(Extracted data entries)
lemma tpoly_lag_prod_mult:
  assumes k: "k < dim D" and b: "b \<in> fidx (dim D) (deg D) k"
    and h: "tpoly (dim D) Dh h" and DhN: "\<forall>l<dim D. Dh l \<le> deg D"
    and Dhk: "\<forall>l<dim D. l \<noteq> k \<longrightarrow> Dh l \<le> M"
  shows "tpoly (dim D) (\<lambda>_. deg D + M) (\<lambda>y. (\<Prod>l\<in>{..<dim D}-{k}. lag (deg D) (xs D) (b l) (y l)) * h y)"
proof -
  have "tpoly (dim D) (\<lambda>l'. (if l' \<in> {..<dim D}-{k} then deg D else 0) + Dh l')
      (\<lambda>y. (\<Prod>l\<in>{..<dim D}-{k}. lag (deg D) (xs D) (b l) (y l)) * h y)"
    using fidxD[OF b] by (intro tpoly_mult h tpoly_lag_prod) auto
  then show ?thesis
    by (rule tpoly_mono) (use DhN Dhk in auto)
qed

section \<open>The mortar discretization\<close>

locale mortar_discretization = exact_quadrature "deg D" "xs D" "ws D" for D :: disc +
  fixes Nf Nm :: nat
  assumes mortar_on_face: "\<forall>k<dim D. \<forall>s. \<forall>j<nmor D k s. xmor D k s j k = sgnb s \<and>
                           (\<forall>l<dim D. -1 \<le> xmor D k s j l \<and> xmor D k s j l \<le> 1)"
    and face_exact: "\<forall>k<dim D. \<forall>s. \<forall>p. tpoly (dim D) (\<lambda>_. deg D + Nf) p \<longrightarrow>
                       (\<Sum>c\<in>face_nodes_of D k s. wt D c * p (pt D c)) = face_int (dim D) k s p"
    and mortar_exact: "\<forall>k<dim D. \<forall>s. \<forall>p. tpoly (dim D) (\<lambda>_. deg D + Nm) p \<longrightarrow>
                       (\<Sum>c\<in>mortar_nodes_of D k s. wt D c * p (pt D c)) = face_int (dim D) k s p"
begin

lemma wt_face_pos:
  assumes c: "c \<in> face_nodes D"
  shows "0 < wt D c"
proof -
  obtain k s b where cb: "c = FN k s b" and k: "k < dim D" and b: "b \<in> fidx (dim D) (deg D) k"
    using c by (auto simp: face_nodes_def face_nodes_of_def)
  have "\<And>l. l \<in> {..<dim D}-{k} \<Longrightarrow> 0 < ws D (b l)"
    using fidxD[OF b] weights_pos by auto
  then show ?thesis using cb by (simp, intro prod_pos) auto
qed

---

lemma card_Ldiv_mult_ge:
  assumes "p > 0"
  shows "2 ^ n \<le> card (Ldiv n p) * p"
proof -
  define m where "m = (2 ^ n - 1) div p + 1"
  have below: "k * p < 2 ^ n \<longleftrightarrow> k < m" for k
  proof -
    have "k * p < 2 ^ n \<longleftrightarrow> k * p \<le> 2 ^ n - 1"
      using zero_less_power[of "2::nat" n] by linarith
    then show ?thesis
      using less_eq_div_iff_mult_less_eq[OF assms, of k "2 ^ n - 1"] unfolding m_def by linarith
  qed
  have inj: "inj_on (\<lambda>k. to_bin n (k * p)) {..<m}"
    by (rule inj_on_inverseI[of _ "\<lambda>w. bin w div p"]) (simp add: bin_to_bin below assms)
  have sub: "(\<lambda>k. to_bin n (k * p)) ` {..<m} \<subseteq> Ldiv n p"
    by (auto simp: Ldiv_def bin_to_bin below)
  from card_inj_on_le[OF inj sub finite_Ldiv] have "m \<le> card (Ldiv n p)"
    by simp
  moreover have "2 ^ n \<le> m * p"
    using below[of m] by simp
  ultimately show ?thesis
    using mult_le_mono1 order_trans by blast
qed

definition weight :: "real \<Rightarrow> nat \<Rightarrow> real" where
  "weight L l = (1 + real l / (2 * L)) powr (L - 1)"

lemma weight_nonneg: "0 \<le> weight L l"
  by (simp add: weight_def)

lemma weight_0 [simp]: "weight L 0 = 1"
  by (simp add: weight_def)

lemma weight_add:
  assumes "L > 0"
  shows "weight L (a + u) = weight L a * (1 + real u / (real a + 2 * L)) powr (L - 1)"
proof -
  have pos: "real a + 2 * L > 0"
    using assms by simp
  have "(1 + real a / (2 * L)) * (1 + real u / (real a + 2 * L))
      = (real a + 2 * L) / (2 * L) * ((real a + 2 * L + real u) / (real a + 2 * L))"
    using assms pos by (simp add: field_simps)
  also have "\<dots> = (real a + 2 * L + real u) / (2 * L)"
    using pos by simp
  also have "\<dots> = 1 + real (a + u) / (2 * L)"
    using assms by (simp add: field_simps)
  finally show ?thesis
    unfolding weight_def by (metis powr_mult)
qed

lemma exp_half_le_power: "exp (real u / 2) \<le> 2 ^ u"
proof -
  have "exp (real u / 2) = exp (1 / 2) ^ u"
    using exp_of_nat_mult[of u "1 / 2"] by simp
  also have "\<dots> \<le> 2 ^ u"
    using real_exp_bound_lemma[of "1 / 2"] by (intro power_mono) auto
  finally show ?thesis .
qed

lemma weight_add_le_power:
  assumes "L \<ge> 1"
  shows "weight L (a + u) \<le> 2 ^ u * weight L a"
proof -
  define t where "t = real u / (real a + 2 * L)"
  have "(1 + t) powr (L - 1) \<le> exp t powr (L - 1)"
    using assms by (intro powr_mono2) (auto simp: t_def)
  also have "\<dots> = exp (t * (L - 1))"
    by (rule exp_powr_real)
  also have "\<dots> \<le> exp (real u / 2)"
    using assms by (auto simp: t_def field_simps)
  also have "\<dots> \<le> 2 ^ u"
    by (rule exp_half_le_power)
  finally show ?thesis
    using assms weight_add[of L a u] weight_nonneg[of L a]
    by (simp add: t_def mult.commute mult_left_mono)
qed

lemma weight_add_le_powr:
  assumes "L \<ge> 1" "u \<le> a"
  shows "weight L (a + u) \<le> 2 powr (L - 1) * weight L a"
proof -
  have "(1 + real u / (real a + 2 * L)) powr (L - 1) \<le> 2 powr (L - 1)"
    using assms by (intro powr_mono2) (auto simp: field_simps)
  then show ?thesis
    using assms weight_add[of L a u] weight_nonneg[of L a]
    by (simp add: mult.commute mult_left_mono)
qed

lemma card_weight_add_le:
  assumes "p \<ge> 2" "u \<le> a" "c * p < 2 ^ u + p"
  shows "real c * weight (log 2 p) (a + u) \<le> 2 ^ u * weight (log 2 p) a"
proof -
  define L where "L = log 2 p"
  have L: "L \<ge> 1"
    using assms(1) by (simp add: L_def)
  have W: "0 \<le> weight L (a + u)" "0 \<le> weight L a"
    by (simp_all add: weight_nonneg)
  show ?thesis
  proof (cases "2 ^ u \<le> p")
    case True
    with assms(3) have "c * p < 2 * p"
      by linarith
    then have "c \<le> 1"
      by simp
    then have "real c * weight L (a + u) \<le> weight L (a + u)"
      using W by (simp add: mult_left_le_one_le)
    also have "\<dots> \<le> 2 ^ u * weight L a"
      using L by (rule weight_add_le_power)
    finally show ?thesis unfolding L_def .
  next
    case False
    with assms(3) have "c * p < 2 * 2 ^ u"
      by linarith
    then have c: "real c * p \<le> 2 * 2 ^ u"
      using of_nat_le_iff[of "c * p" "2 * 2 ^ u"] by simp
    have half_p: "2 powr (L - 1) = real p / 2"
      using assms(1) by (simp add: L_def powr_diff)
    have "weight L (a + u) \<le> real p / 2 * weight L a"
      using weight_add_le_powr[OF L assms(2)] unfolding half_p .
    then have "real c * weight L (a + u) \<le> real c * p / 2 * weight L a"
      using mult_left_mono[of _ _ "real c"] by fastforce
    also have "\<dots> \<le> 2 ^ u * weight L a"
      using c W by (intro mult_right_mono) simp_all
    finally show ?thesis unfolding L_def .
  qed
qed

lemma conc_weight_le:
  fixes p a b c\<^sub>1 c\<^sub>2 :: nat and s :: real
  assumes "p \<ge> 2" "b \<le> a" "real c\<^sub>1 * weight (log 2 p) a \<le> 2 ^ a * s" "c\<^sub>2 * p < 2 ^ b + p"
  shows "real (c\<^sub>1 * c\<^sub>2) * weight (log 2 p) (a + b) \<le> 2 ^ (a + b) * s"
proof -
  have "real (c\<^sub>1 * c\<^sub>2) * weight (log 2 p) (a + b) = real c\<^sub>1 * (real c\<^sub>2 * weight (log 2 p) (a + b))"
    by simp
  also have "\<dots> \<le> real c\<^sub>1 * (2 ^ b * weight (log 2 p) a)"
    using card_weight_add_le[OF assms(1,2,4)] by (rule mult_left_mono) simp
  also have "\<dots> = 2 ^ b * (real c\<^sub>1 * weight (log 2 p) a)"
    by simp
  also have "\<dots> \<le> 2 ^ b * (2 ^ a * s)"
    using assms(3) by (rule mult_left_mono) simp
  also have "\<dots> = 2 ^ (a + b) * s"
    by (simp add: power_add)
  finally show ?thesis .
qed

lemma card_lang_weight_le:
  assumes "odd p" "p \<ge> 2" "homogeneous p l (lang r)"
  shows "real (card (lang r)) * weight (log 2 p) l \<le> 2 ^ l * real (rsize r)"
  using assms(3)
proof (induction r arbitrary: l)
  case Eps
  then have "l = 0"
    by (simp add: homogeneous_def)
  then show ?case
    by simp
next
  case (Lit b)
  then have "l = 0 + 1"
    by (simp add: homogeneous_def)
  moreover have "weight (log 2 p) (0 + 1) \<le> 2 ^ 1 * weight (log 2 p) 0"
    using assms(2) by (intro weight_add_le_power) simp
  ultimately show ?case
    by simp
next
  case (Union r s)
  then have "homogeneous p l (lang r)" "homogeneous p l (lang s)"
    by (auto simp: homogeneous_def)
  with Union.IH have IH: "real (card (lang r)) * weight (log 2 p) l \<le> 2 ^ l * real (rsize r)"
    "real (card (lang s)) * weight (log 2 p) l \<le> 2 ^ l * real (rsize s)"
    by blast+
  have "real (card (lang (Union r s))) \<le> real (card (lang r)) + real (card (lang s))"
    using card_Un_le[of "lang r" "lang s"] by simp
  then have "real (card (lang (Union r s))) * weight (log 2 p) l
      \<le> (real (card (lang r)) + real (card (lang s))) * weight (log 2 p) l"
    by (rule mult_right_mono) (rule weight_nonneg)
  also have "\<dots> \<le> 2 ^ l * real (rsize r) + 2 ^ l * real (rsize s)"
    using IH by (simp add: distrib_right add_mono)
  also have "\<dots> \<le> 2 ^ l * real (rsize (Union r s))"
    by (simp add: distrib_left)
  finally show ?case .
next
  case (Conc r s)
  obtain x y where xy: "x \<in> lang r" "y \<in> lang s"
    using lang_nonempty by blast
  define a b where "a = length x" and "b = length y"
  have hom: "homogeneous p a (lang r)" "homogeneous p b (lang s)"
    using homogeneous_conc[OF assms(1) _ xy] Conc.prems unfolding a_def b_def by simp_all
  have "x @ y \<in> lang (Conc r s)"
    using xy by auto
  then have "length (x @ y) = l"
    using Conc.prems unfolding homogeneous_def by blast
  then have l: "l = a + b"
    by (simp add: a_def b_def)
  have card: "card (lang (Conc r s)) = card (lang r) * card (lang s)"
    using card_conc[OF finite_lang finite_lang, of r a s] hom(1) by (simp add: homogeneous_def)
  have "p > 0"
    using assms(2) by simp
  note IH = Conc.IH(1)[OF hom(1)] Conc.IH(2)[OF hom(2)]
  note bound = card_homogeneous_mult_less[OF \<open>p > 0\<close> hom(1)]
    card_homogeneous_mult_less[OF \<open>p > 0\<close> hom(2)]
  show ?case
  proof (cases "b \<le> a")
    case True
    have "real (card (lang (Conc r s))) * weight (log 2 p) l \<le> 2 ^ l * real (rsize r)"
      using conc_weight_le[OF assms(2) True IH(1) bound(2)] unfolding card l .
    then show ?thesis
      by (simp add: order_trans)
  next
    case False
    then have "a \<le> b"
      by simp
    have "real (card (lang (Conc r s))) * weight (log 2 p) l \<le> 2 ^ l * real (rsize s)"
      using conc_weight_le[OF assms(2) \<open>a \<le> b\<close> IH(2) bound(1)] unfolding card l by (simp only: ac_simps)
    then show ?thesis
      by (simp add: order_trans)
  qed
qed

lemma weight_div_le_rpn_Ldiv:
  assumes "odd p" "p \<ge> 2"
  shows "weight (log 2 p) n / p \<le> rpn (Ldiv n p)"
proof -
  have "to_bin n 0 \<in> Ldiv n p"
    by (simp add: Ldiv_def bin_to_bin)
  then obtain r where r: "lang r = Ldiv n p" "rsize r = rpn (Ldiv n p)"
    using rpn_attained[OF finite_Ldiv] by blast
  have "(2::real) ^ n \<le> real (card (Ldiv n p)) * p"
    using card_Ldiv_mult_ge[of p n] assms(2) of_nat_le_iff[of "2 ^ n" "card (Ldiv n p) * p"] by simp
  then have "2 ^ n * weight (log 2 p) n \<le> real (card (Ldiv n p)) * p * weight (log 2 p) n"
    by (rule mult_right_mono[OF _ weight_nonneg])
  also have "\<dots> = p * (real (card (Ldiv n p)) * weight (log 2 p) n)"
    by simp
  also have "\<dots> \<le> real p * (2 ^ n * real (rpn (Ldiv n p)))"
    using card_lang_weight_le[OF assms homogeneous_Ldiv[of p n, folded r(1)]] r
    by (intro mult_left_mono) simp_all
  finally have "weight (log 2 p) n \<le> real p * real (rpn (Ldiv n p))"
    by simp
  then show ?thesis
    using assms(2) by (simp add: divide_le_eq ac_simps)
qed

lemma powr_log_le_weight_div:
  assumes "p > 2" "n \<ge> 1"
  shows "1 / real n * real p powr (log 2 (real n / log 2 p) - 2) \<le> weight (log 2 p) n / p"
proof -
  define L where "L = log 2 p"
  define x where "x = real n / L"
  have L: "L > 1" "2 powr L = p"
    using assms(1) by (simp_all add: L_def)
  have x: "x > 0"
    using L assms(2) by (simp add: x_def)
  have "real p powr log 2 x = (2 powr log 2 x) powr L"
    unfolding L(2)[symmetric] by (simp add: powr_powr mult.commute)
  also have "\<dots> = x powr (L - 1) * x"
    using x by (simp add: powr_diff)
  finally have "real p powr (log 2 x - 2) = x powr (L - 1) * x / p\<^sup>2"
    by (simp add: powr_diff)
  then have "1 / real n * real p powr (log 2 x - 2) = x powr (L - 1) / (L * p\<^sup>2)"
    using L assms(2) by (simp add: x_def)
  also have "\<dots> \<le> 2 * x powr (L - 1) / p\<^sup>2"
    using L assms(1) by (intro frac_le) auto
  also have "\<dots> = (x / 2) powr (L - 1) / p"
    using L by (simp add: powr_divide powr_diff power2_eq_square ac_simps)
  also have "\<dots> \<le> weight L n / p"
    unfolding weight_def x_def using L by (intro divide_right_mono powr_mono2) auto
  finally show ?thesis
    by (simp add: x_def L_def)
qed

- **Problem details**: Given the records above, reproduce precisely and only the lines between the line holding "ultimately show ?case" and the line holding "with Union.IH have", inclusive.

- **Exercise result**:
  ultimately show ?case
    by simp
next
  case (Union r s)
  then have "homogeneous p l (lang r)" "homogeneous p l (lang s)"
    by (auto simp: homogeneous_def)
  with Union.IH have IH: "real (card (lang r)) * weight (log 2 p) l \<le> 2 ^ l * real (rsize r)"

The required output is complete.